C’est une crise migratoire explosive qui se joue actuellement aux portes de l’Europe. Selon une source proche du dossier, plus de 50 000 migrants originaires d’Afrique subsaharienne sont actuellement bloqués dans des camps de fortune dans le nord de la Tunisie, notamment autour de la ville de Sfax. Partis sur les routes avec l’espoir d’une vie meilleure de l’autre côté de la Méditerranée, ils se retrouvent aujourd’hui dans une situation humanitaire dramatique, pris en étau entre des passeurs sans scrupules et la répression violente des autorités.
L’enfer à ciel ouvert des camps de Sfax
Aux alentours de Sfax, deuxième ville du pays, les oliveraies sont devenues un vaste camp informel où s’entassent des dizaines de milliers d’exilés en quête d’un avenir meilleur. Vivant dans des conditions d’hygiène déplorables, ils s’abritent tant bien que mal sous des tentes ou des abris de fortune. Les accès à l’eau, la nourriture et les soins y sont très limités.

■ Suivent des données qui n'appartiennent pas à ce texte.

(* Let $P$ be a definite program, $M_0$ the ``vanilla'' meta-interpreter and $Q\in B^E_P$ an atomic query. Then: (1) for every $A\in \mathrm{Call}(P,Q)$ there exists $\mathit{solve}(A')\in \mathrm{Call}(M_0\cup \mathit{ce}(P),\mathit{solve}(Q))$ such that $A$ and $A'$ are variants; (2) for every $\mathit{solve}(A)\in \mathrm{Call}(M_0\cup \mathit{ce}(P),\mathit{solve}(Q))$ with $A\in B^E_P$ there exists $A'\in\mathrm{Call}(P,Q)$ such that $A$ and $A'$ are variants.
   Context: Logic programs are definite; a query is a finite sequence of atoms; derivations use the leftmost selection rule (LD-derivations; the LD-tree of $P\cup\{Q\}$ is the SLD-tree under Prolog's left-to-right selection rule). $B^E_P$ (the extended Herbrand base) is the set of atoms of the language of $P$ taken modulo variance. For a program $P$ and a set of queries $S$, the call set $\mathrm{Call}(P,S)$ is the set of atoms $A$ such that a variant of $A$ is a selected atom in some branch of the LD-tree of $P\cup\{Q\}$ for some $Q\in S$; $\mathrm{Call}(P,Q)=\mathrm{Call}(P,\{Q\})$. Clause encoding: a clause body $B_1,\dots,B_n$ ($n\ge1$) is represented as the term $(B_1,(B_2,\dots,B_n))$ built with a binary functor $,/2$ (for $n=1$ just $B_1$), and an empty body by the constant $\mathit{true}$. The clause-encoding $\mathit{ce}(P)$ is the set of facts $\mathit{clause}(H,B)$, one for each clause $H\leftarrow B$ of $P$. The symbols $,/2$, $\mathit{clause}$, $\mathit{solve}$ do not occur in the language of $P$. The ``vanilla'' meta-interpreter $M_0$ is the program $\mathit{solve}(\mathit{true}).$ $\mathit{solve}((A,B))\leftarrow \mathit{solve}(A),\mathit{solve}(B).$ $\mathit{solve}(H)\leftarrow \mathit{clause}(H,B),\mathit{solve}(B).$ *)

theory Defs
  imports Main
begin

text \<open>Symbols: the user symbols of the program P (Usr f) together with the
reserved symbols of the meta-level encoding: ,/2, true, clause, solve.\<close>
datatype 'f sym = Usr 'f | Comma | TrueS | ClauseS | SolveS

datatype ('f, 'v) trm = Var 'v | Fn 'f "('f, 'v) trm list"

type_synonym ('f, 'v) subst = "'v \<Rightarrow> ('f, 'v) trm"

fun subst_apply :: "('f, 'v) trm \<Rightarrow> ('f, 'v) subst \<Rightarrow> ('f, 'v) trm" (infixl "\<cdot>" 67) where
  "Var x \<cdot> \<sigma> = \<sigma> x"
| "Fn f ts \<cdot> \<sigma> = Fn f (map (\<lambda>t. t \<cdot> \<sigma>) ts)"

fun vars :: "('f, 'v) trm \<Rightarrow> 'v set" where
  "vars (Var x) = {x}"
| "vars (Fn f ts) = (\<Union>t\<in>set ts. vars t)"

fun syms :: "('f, 'v) trm \<Rightarrow> ('f \<times> nat) set" where
  "syms (Var x) = {}"
| "syms (Fn f ts) = insert (f, length ts) (\<Union>t\<in>set ts. syms t)"

definition unifier :: "('f, 'v) subst \<Rightarrow> ('f, 'v) trm \<Rightarrow> ('f, 'v) trm \<Rightarrow> bool" where
  "unifier \<sigma> s t \<longleftrightarrow> s \<cdot> \<sigma> = t \<cdot> \<sigma>"

definition mgu :: "('f, 'v) subst \<Rightarrow> ('f, 'v) trm \<Rightarrow> ('f, 'v) trm \<Rightarrow> bool" where
  "mgu \<sigma> s t \<longleftrightarrow> unifier \<sigma> s t \<and>
     (\<forall>\<tau>. unifier \<tau> s t \<longrightarrow> (\<exists>\<delta>. \<forall>x. \<tau> x = \<sigma> x \<cdot> \<delta>))"

definition variant :: "('f, 'v) trm \<Rightarrow> ('f, 'v) trm \<Rightarrow> bool" where
  "variant s t \<longleftrightarrow> (\<exists>\<rho>. bij \<rho> \<and> s \<cdot> (Var \<circ> \<rho>) = t)"

text \<open>A clause H <- B1,...,Bn is a pair (H, [B1,...,Bn]); a query is a list of atoms.\<close>
type_synonym ('f, 'v) clause = "('f, 'v) trm \<times> ('f, 'v) trm list"
type_synonym ('f, 'v) program = "('f, 'v) clause set"

definition clause_atoms :: "('f, 'v) clause \<Rightarrow> ('f, 'v) trm set" where
  "clause_atoms c = insert (fst c) (set (snd c))"

definition vars_list :: "('f, 'v) trm list \<Rightarrow> 'v set" where
  "vars_list As = (\<Union>A\<in>set As. vars A)"

definition vars_clause :: "('f, 'v) clause \<Rightarrow> 'v set" where
  "vars_clause c = vars (fst c) \<union> vars_list (snd c)"

definition rename_clause :: "('v \<Rightarrow> 'v) \<Rightarrow> ('f, 'v) clause \<Rightarrow> ('f, 'v) clause" where
  "rename_clause \<rho> c = (fst c \<cdot> (Var \<circ> \<rho>), map (\<lambda>B. B \<cdot> (Var \<circ> \<rho>)) (snd c))"

definition user_atom :: "('f sym, 'v) trm \<Rightarrow> bool" where
  "user_atom A \<longleftrightarrow> (\<exists>p ts. A = Fn p ts) \<and> fst ` syms A \<subseteq> range Usr"

definition definite_program :: "('f sym, 'v) program \<Rightarrow> bool" where
  "definite_program P \<longleftrightarrow> finite P \<and> (\<forall>c\<in>P. \<forall>A\<in>clause_atoms c. user_atom A)"

fun pred_of :: "('f, 'v) trm \<Rightarrow> ('f \<times> nat) set" where
  "pred_of (Var x) = {}"
| "pred_of (Fn p ts) = {(p, length ts)}"

fun arg_syms :: "('f, 'v) trm \<Rightarrow> ('f \<times> nat) set" where
  "arg_syms (Var x) = {}"
| "arg_syms (Fn p ts) = (\<Union>t\<in>set ts. syms t)"

definition preds :: "('f, 'v) program \<Rightarrow> ('f \<times> nat) set" where
  "preds P = (\<Union>c\<in>P. \<Union>A\<in>clause_atoms c. pred_of A)"

definition funs :: "('f, 'v) program \<Rightarrow> ('f \<times> nat) set" where
  "funs P = (\<Union>c\<in>P. \<Union>A\<in>clause_atoms c. arg_syms A)"

definition BE :: "('f, 'v) program \<Rightarrow> ('f, 'v) trm set" where
  "BE P = {A. (\<exists>p ts. A = Fn p ts \<and> (p, length ts) \<in> preds P \<and>
                   (\<forall>t\<in>set ts. syms t \<subseteq> funs P))}"

definition ld_step :: "('f, 'v) program \<Rightarrow> ('f, 'v) trm list \<Rightarrow> ('f, 'v) trm list \<Rightarrow> bool" where
  "ld_step P Q R \<longleftrightarrow> (\<exists>A Bs c \<rho> \<theta>. Q = A # Bs \<and> c \<in> P \<and> bij \<rho> \<and>
      vars_clause (rename_clause \<rho> c) \<inter> vars_list Q = {} \<and>
      mgu \<theta> A (fst (rename_clause \<rho> c)) \<and>
      R = map (\<lambda>B. B \<cdot> \<theta>) (snd (rename_clause \<rho> c) @ Bs))"

definition Call :: "('f, 'v) program \<Rightarrow> ('f, 'v) trm list set \<Rightarrow> ('f, 'v) trm set" where
  "Call P S = {A. \<exists>Q\<in>S. \<exists>B Bs. (ld_step P)\<^sup>*\<^sup>* Q (B # Bs) \<and> variant A B}"

fun enc_body :: "('f sym, 'v) trm list \<Rightarrow> ('f sym, 'v) trm" where
  "enc_body [] = Fn TrueS []"
| "enc_body [B] = B"
| "enc_body (B # Bs) = Fn Comma [B, enc_body Bs]"

definition ce :: "('f sym, 'v) program \<Rightarrow> ('f sym, 'v) program" where
  "ce P = {(Fn ClauseS [fst c, enc_body (snd c)], []) | c. c \<in> P}"

abbreviation solve :: "('f sym, 'v) trm \<Rightarrow> ('f sym, 'v) trm" where
  "solve t \<equiv> Fn SolveS [t]"

definition M0 :: "'v \<Rightarrow> 'v \<Rightarrow> ('f sym, 'v) program" where
  "M0 x y = {(solve (Fn TrueS []), []),
             (solve (Fn Comma [Var x, Var y]), [solve (Var x), solve (Var y)]),
             (solve (Var x), [Fn ClauseS [Var x, Var y], solve (Var y)])}"

end

(*
  Part (2): along an LD-derivation of M0 \<union> ce(P) from solve(Q), every query is of one of three
  kinds. Either it is a list of goals solve(G) with G built from true, ,/2 and object atoms,
  whose flattening is, up to renaming, a query of an LD-derivation of P from Q; or it is the
  query clause(A, b), solve(b), ... reached right after selecting solve(A) for an object atom A;
  or it is stuck, its selected atom clause(true, _) or clause((_, _), _) matching no clause.
  So a selected solve(A) with A an object atom is, up to renaming, selected in the LD-tree of P.
  The two derivations use different mgus, but an mgu of a problem that has a solution fixing the
  variables of the query acts on these variables as a renaming, which keeps the correspondence.

  Part (1): conversely, M0 \<union> ce(P) simulates each LD-step of P: it unfolds true and conjunctions
  until the selected object atom A is exposed, then resolves solve(A) with the third clause of M0
  and clause(A, b) with the encoding of the program clause. Infinitely many variables guarantee
  the fresh variables this needs.
*)

theory Submission
  imports Defs "HOL-Library.Equipollence" "HOL-Combinatorics.Transposition"
begin

abbreviation subst_list :: "('f, 'v) trm list \<Rightarrow> ('f, 'v) subst \<Rightarrow> ('f, 'v) trm list"
    (infixl "\<cdot>\<^sub>l" 67) where
  "Ts \<cdot>\<^sub>l \<sigma> \<equiv> map (\<lambda>t. t \<cdot> \<sigma>) Ts"

lemma subst_subst: "t \<cdot> \<sigma> \<cdot> \<tau> = t \<cdot> (\<lambda>x. \<sigma> x \<cdot> \<tau>)"
  by (induction t) auto

lemma subst_cong: "(\<And>x. x \<in> vars t \<Longrightarrow> \<sigma> x = \<tau> x) \<Longrightarrow> t \<cdot> \<sigma> = t \<cdot> \<tau>"
  by (induction t) auto

lemma subst_Var [simp]: "t \<cdot> Var = t"
  by (induction t) (auto intro: map_idI)

lemma subst_id_on_vars: "(\<And>x. x \<in> vars t \<Longrightarrow> \<sigma> x = Var x) \<Longrightarrow> t \<cdot> \<sigma> = t"
  using subst_cong[of t \<sigma> Var] by simp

« Nous vivons comme des animaux ici, à même le sol, dans la saleté et le froid », confie Bilal, un jeune Tchadien de 19 ans. « Des enfants sont nés ici et n’ont jamais connu autre chose que la boue et la misère de ce camp. C’est un enfer mais nous n’avons nulle part où aller. »
Piégés par les passeurs
Arrivés en Tunisie au péril de leur vie après un long périple depuis l’Afrique de l’Ouest et centrale, les migrants se retrouvent à la merci des réseaux de passeurs qui organisent les traversées illégales vers l’Europe. Contre des sommes exorbitantes, ces derniers leur font miroiter un passage vers l’eldorado européen.

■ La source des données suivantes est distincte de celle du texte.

(* Let $G=(V,E)$ be a directed graph with $n$ vertices and $m$ edges and let $\phi\in(0,1)$. Consider the following procedure: start with $\mathcal{X}=\{V\}$ and $E_{Rest}=\emptyset$; while there is $X\in\mathcal{X}$ and $S\subseteq X$ such that $(S,X\setminus S)$ is a $\phi$-out-sparse cut in $G[X]$ or in $\overleftarrow{G}[X]$, replace $X$ in $\mathcal{X}$ by $S$ and $X\setminus S$, and add to $E_{Rest}$ the smaller of the two edge sets $E_{G[X]}(S,X\setminus S)$ and $E_{G[X]}(X\setminus S,S)$. Then, for every choice of the sparse cuts, the procedure terminates after at most $n-1$ iterations, and its output satisfies: (i) $G[X]$ is a $\phi$-expander for every $X\in\mathcal{X}$; (ii) $|E_{Rest}|\le 2\phi m(\log_2(2m)+1)$; (iii) the graph $G/\{X\}_{X\in\mathcal{X}}\setminus E_{Rest}$ has no directed cycle other than self-loops.
   Context: Graphs are directed multigraphs (self-loops allowed); $\deg_G(v)$ counts incident edges with a self-loop counting $2$; $\mathrm{vol}_G(S)=\sum_{v\in S}\deg_G(v)$; $E_G(A,B)$ is the set of edges with tail in $A$ and head in $B$; $\overleftarrow{G}$ is $G$ with edges reversed; $G[X]$ is the induced subgraph; $G/\{X\}_{X\in\mathcal{X}}$ is $G$ with each $X$ contracted to a single vertex. In a graph $H$ on vertex set $X$, a cut $(S,X\setminus S)$ is $\phi$-out-sparse if $\mathrm{vol}_H(S)\le\mathrm{vol}_H(X\setminus S)$ and $|E_H(S,X\setminus S)|<\phi\,\mathrm{vol}_H(S)$; $H$ is a $\phi$-expander if neither $H$ nor $\overleftarrow{H}$ has a $\phi$-out-sparse cut. *)

theory Defs
  imports Complex_Main "Graph_Theory.Digraph" "Graph_Theory.Digraph_Component"
begin

text \<open>Degree: incident arcs, a self-loop counts twice (once as in-arc, once as out-arc).\<close>
definition gdeg :: "('a,'b) pre_digraph \<Rightarrow> 'a \<Rightarrow> nat" where
  "gdeg H v = in_degree H v + out_degree H v"

definition vol :: "('a,'b) pre_digraph \<Rightarrow> 'a set \<Rightarrow> nat" where
  "vol H S = (\<Sum>v\<in>S. gdeg H v)"

definition arcs_between :: "('a,'b) pre_digraph \<Rightarrow> 'a set \<Rightarrow> 'a set \<Rightarrow> 'b set" where
  "arcs_between H A B = {e \<in> arcs H. tail H e \<in> A \<and> head H e \<in> B}"

definition rev_graph :: "('a,'b) pre_digraph \<Rightarrow> ('a,'b) pre_digraph" where
  "rev_graph H = \<lparr>verts = verts H, arcs = arcs H, tail = head H, head = tail H\<rparr>"

definition out_sparse :: "('a,'b) pre_digraph \<Rightarrow> real \<Rightarrow> 'a set \<Rightarrow> bool" where
  "out_sparse H \<phi> S \<longleftrightarrow> S \<subseteq> verts H \<and>
     vol H S \<le> vol H (verts H - S) \<and>
     real (card (arcs_between H S (verts H - S))) < \<phi> * real (vol H S)"

definition expander :: "('a,'b) pre_digraph \<Rightarrow> real \<Rightarrow> bool" where
  "expander H \<phi> \<longleftrightarrow> (\<nexists>S. out_sparse H \<phi> S) \<and> (\<nexists>S. out_sparse (rev_graph H) \<phi> S)"

text \<open>One iteration of the procedure on a state (partition, E_Rest).\<close>
definition decomp_step :: "('a,'b) pre_digraph \<Rightarrow> real \<Rightarrow>
    ('a set set \<times> 'b set) \<Rightarrow> ('a set set \<times> 'b set) \<Rightarrow> bool" where
  "decomp_step G \<phi> st st' \<longleftrightarrow>
     (\<exists>X S F. X \<in> fst st \<and> S \<subseteq> X \<and>
        (out_sparse (G \<restriction> X) \<phi> S \<or> out_sparse (rev_graph (G \<restriction> X)) \<phi> S) \<and>
        (let E1 = arcs_between (G \<restriction> X) S (X - S);
             E2 = arcs_between (G \<restriction> X) (X - S) S
         in (F = E1 \<and> card E1 \<le> card E2) \<or> (F = E2 \<and> card E2 \<le> card E1)) \<and>
        st' = (insert S (insert (X - S) (fst st - {X})), snd st \<union> F))"

text \<open>Arcs between distinct parts of the contracted graph G / P with arcs R removed
  (self-loops of the contraction are ignored).\<close>
definition contracted_rel :: "('a,'b) pre_digraph \<Rightarrow> 'a set set \<Rightarrow> 'b set \<Rightarrow> ('a set \<times> 'a set) set" where
  "contracted_rel G P R = {(X, Y). X \<in> P \<and> Y \<in> P \<and> X \<noteq> Y \<and>
      (\<exists>e \<in> arcs G - R. tail G e \<in> X \<and> head G e \<in> Y)}"

end

theory Submission imports Defs begin

text \<open>
  Each split of a part \<open>X\<close> along a \<open>\<phi>\<close>-sparse cut \<open>(S, X - S)\<close> with
  \<open>a = vol S \<le> vol (X - S) = b\<close> removes fewer than \<open>\<phi> a\<close> arcs, while the potential
  \<open>\<Sum>X. vol X log\<^sub>2 vol X\<close> drops by at least \<open>a\<close>, because
  \<open>a log a + b log b + a \<le> (a + b) log (a + b)\<close> for \<open>a \<le> b\<close>. Hence
  \<open>|E\<^sub>R\<^sub>e\<^sub>s\<^sub>t| + \<phi> \<cdot> potential\<close> never increases and is initially at most \<open>\<phi> \<cdot> 2m log\<^sub>2 2m\<close>.
  The number of splits is bounded since \<open>\<Sum>X. |X| - 1\<close> drops by one per split.
  Acyclicity is kept by ranking the parts: the two halves of a split part take its old
  rank, ordered so that the remaining arcs between them go forward.
\<close>

lemma verts_rev_graph [simp]: "verts (rev_graph H) = verts H"
  unfolding rev_graph_def by simp

lemma in_degree_rev_graph [simp]: "in_degree (rev_graph H) v = out_degree H v"
  unfolding in_degree_def out_degree_def in_arcs_def out_arcs_def rev_graph_def by simp

lemma out_degree_rev_graph [simp]: "out_degree (rev_graph H) v = in_degree H v"
  unfolding in_degree_def out_degree_def in_arcs_def out_arcs_def rev_graph_def by simp

lemma vol_rev_graph [simp]: "vol (rev_graph H) S = vol H S"
  unfolding vol_def gdeg_def by (simp add: add.commute)

lemma arcs_rev_graph [simp]: "arcs (rev_graph H) = arcs H"
  unfolding rev_graph_def by simp

lemma arcs_between_rev_graph: "arcs_between (rev_graph H) A B = arcs_between H B A"
  unfolding arcs_between_def rev_graph_def by auto

lemma vol_Diff: "finite X \<Longrightarrow> S \<subseteq> X \<Longrightarrow> vol H X = vol H S + vol H (X - S)"
  unfolding vol_def by (metis sum.subset_diff add.commute)

lemma sum_in_degree_le_card_arcs:
  assumes "finite (arcs H)" "finite V"
  shows "(\<Sum>v\<in>V. in_degree H v) \<le> card (arcs H)"
proof -
  have "(\<Sum>v\<in>V. in_degree H v) = card (\<Union>v\<in>V. in_arcs H v)"
    unfolding in_degree_def
    by (rule card_UN_disjoint[symmetric]) (use assms in \<open>auto simp: in_arcs_def\<close>)
  also have "\<dots> \<le> card (arcs H)"
    by (rule card_mono) (use assms in \<open>auto simp: in_arcs_def\<close>)
  finally show ?thesis .
qed

lemma vol_le_twice_card_arcs:
  assumes "finite (arcs H)" "finite V"
  shows "vol H V \<le> 2 * card (arcs H)"
  using sum_in_degree_le_card_arcs[OF assms] sum_in_degree_le_card_arcs[of "rev_graph H", OF _ assms(2)]
    assms(1)
  unfolding vol_def gdeg_def by (simp add: sum.distrib)

lemma vol_induce_subgraph_mono:
  assumes "finite (arcs G)" "S \<subseteq> X"
  shows "vol (G \<restriction> S) S \<le> vol (G \<restriction> X) S"
  unfolding vol_def gdeg_def in_degree_def out_degree_def
proof (intro sum_mono add_mono card_mono)
  show "finite (in_arcs (G \<restriction> X) v)" "finite (out_arcs (G \<restriction> X) v)" for v
    using assms(1) unfolding in_arcs_def out_arcs_def by auto
  show "in_arcs (G \<restriction> S) v \<subseteq> in_arcs (G \<restriction> X) v" "out_arcs (G \<restriction> S) v \<subseteq> out_arcs (G \<restriction> X) v" for v
    using assms(2) unfolding in_arcs_def out_arcs_def by auto
qed

definition xlogx :: "nat \<Rightarrow> real" where
  "xlogx x = real x * log 2 (real x)"

lemma xlogx_nonneg: "0 \<le> xlogx x"
  unfolding xlogx_def by (cases "x = 0") auto

lemma xlogx_mono: "x \<le> y \<Longrightarrow> xlogx x \<le> xlogx y"
  using xlogx_nonneg[of y] unfolding xlogx_def by (cases "x = 0") (auto intro: mult_mono)

lemma xlogx_add_ge:
  assumes "0 < a" "a \<le> b"
  shows "xlogx a + xlogx b + real a \<le> xlogx (a + b)"
proof -
  have a: "0 < real a" and b: "0 < real b" using assms by auto
  have "xlogx (a + b) - xlogx a - xlogx b
      = real a * log 2 ((real a + real b) / real a) + real b * log 2 ((real a + real b) / real b)"
    unfolding xlogx_def using a b by (simp add: log_divide algebra_simps)
  moreover have "1 \<le> log 2 ((real a + real b) / real a)"
    using a assms(2) by (simp add: field_simps)
  moreover have "0 \<le> log 2 ((real a + real b) / real b)"
    using a b by simp
  ultimately show ?thesis using a b
    by (smt (verit) mult_le_cancel_left1 mult_nonneg_nonneg)
qed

Mais la réalité est tout autre. Les canots surchargés prennent la mer de nuit dans des conditions très dangereuses. « Nous étions entassés à 40 ou 50, il y avait même des femmes avec des bébés », raconte Bilal en évoquant sa tentative avortée il y a deux mois. À seulement quelques kilomètres des côtes italiennes, son embarcation a été interceptée par les garde-côtes tunisiens, financés par l’Union Européenne pour traquer les bateaux de migrants.
Violences des autorités
Car l’enfer des migrants ne s’arrête pas aux camps et aux passeurs. Ils doivent aussi affronter la répression brutale des forces de l’ordre tunisiennes. Régulièrement, la Garde nationale mène des descentes musclées dans les campements pour traquer les candidats à l’exil.

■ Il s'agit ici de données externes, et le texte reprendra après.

(* Let $A$ be a $C^*$-algebra, let $X$ be a full Hilbert $A$-module, let $H,K$ be Hilbert spaces, and let $\Phi,\Psi\in\mathcal{C}(X,L(H,K))$. Then $\Phi\backsim\Psi$ if and only if there is a partial isometry $V\in L(K)$ with $VV^*=p_{[\Phi(X)H]}$ and $V^*V=p_{[\Psi(X)H]}$ such that $\Phi(x)=V\Psi(x)$ for all $x\in X$.
   Context: A Hilbert $A$-module $X$ is a right $A$-module with an $A$-valued inner product $\langle\cdot,\cdot\rangle$ (conjugate linear in the first and $A$-linear in the second variable) that is complete in the norm $\|x\|=\|\langle x,x\rangle\|^{1/2}$; it is full if the closed two-sided ideal of $A$ generated by $\{\langle x,y\rangle: x,y\in X\}$ is $A$. $L(H,K)$ denotes the bounded linear operators from $H$ to $K$, $L(K)=L(K,K)$. A map $\Phi:X\to L(H,K)$ is called completely positive if there is a completely positive map $\varphi:A\to L(H)$ such that $\Phi(x)^*\Phi(y)=\varphi(\langle x,y\rangle)$ for all $x,y\in X$; $\mathcal{C}(X,L(H,K))$ denotes the set of all such maps. For $\Phi,\Psi\in\mathcal{C}(X,L(H,K))$, write $\Phi\backsim\Psi$ if $\Phi(x)^*\Phi(x)=\Psi(x)^*\Psi(x)$ for all $x\in X$. For a subset $Y$ of a Hilbert space, $[Y]$ denotes the closed linear span of $Y$; $\Phi(X)H=\{\Phi(x)h:x\in X,h\in H\}$; $p_M$ denotes the orthogonal projection onto a closed subspace $M$. *)

theory Defs
  imports "HOL-Analysis.Analysis"
begin

class complex_vector = real_vector +
  fixes scaleC :: "complex \<Rightarrow> 'a \<Rightarrow> 'a"
  assumes scaleC_add_right: "scaleC c (x + y) = scaleC c x + scaleC c y"
    and scaleC_add_left: "scaleC (c + d) x = scaleC c x + scaleC d x"
    and scaleC_scaleC: "scaleC c (scaleC d x) = scaleC (c * d) x"
    and scaleC_one: "scaleC 1 x = x"
    and scaleR_scaleC: "scaleR r x = scaleC (complex_of_real r) x"

class complex_normed_vector = complex_vector + real_normed_vector +
  assumes norm_scaleC: "norm (scaleC c x) = cmod c * norm x"

class complex_banach = complex_normed_vector + complete_space

class complex_inner = complex_normed_vector +
  fixes cinner :: "'a \<Rightarrow> 'a \<Rightarrow> complex"
  assumes cinner_commute: "cinner x y = cnj (cinner y x)"
    and cinner_add_left: "cinner (x + y) z = cinner x z + cinner y z"
    and cinner_scaleC_left: "cinner (scaleC c x) y = cnj c * cinner x y"
    and cinner_nonneg: "Re (cinner x x) \<ge> 0"
    and cinner_eq_zero_iff: "cinner x x = 0 \<longleftrightarrow> x = 0"
    and norm_eq_sqrt_cinner: "norm x = sqrt (Re (cinner x x))"

class chilbert_space = complex_inner + complete_space

class complex_algebra = complex_vector + ring +
  assumes scaleC_mult_left: "scaleC c x * y = scaleC c (x * y)"
    and scaleC_mult_right: "x * scaleC c y = scaleC c (x * y)"

class complex_normed_algebra = complex_algebra + complex_normed_vector +
  assumes norm_mult_ineq_C: "norm (x * y) \<le> norm x * norm y"

class cstar_algebra = complex_normed_algebra + complete_space +
  fixes cstar :: "'a \<Rightarrow> 'a"
  assumes cstar_cstar: "cstar (cstar x) = x"
    and cstar_add: "cstar (x + y) = cstar x + cstar y"
    and cstar_scaleC: "cstar (scaleC c x) = scaleC (cnj c) (cstar x)"
    and cstar_mult: "cstar (x * y) = cstar y * cstar x"
    and cstar_identity: "norm (cstar x * x) = (norm x)\<^sup>2"

definition cpositive :: "'a::cstar_algebra \<Rightarrow> bool" where
  "cpositive a \<longleftrightarrow> (\<exists>b. a = cstar b * b)"

definition hilbert_module ::
  "('x::complex_banach \<Rightarrow> 'a::cstar_algebra \<Rightarrow> 'x) \<Rightarrow> ('x \<Rightarrow> 'x \<Rightarrow> 'a) \<Rightarrow> bool" where
  "hilbert_module act ip \<longleftrightarrow>
     (\<forall>x y a. act (x + y) a = act x a + act y a) \<and>
     (\<forall>x a b. act x (a + b) = act x a + act x b) \<and>
     (\<forall>x a b. act x (a * b) = act (act x a) b) \<and>
     (\<forall>c x a. act (scaleC c x) a = scaleC c (act x a)) \<and>
     (\<forall>c x a. act x (scaleC c a) = scaleC c (act x a)) \<and>
     (\<forall>x y z. ip x (y + z) = ip x y + ip x z) \<and>
     (\<forall>c x y. ip x (scaleC c y) = scaleC c (ip x y)) \<and>
     (\<forall>x y a. ip x (act y a) = ip x y * a) \<and>
     (\<forall>x y. ip y x = cstar (ip x y)) \<and>
     (\<forall>x. cpositive (ip x x)) \<and>
     (\<forall>x. ip x x = 0 \<longrightarrow> x = 0) \<and>
     (\<forall>x. norm x = sqrt (norm (ip x x)))"

definition csubspace :: "'a::complex_vector set \<Rightarrow> bool" where
  "csubspace M \<longleftrightarrow> 0 \<in> M \<and> (\<forall>x\<in>M. \<forall>y\<in>M. x + y \<in> M) \<and> (\<forall>c. \<forall>x\<in>M. scaleC c x \<in> M)"

definition closed_ideal :: "'a::cstar_algebra set \<Rightarrow> bool" where
  "closed_ideal I \<longleftrightarrow> csubspace I \<and> closed I \<and> (\<forall>a. \<forall>i\<in>I. a * i \<in> I \<and> i * a \<in> I)"

definition full_module :: "('x \<Rightarrow> 'x \<Rightarrow> 'a::cstar_algebra) \<Rightarrow> bool" where
  "full_module ip \<longleftrightarrow>
     \<Inter>{I. closed_ideal I \<and> {ip x y | x y. True} \<subseteq> I} = UNIV"

definition bclinear :: "('h::complex_normed_vector \<Rightarrow> 'k::complex_normed_vector) \<Rightarrow> bool" where
  "bclinear T \<longleftrightarrow> (\<forall>x y. T (x + y) = T x + T y) \<and> (\<forall>c x. T (scaleC c x) = scaleC c (T x)) \<and>
     (\<exists>C. \<forall>x. norm (T x) \<le> C * norm x)"

definition adj :: "('h::complex_inner \<Rightarrow> 'k::complex_inner) \<Rightarrow> ('k \<Rightarrow> 'h)" where
  "adj T = (SOME S. \<forall>x y. cinner (T x) y = cinner x (S y))"

definition ccspan :: "'a::complex_normed_vector set \<Rightarrow> 'a set" where
  "ccspan S = \<Inter>{M. csubspace M \<and> closed M \<and> S \<subseteq> M}"

definition proj :: "'a::chilbert_space set \<Rightarrow> ('a \<Rightarrow> 'a)" where
  "proj M = (THE P. \<forall>x. P x \<in> M \<and> (\<forall>m\<in>M. cinner m (x - P x) = 0))"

« Ils arrivent de jour comme de nuit, frappent tout le monde, brûlent les affaires. Ils nous traitent comme du bétail. On se cache mais ils finissent toujours par nous trouver. »
Témoignage d’un migrant ivoirien
D’après plusieurs témoignages concordants, les exactions sont légion : passages à tabac, vols, destructions d’abris, arrestations arbitraires… Les ONG dénoncent un « acharnement » contre une population vulnérable, avec la complicité de l’UE qui finance les opérations anti-migrants.
Ni partir, ni rester
Pris au piège en Tunisie, de nombreux migrants n’ont plus d’autre choix que de tenter la traversée au péril de leur vie, quitte à finir noyés en Méditerranée. D’autres voudraient même rentrer dans leur pays d’origine, épuisés par des mois d’errance.
Mais sans argent ni papiers, le retour est un chemin de croix quasi impossible. Ils sont condamnés à rester indéfiniment dans ces camps sordides, sans espoir d’avenir. Une situation intenable et explosive, symptôme de l’échec total des politiques migratoires aux frontières de la « forteresse Europe ».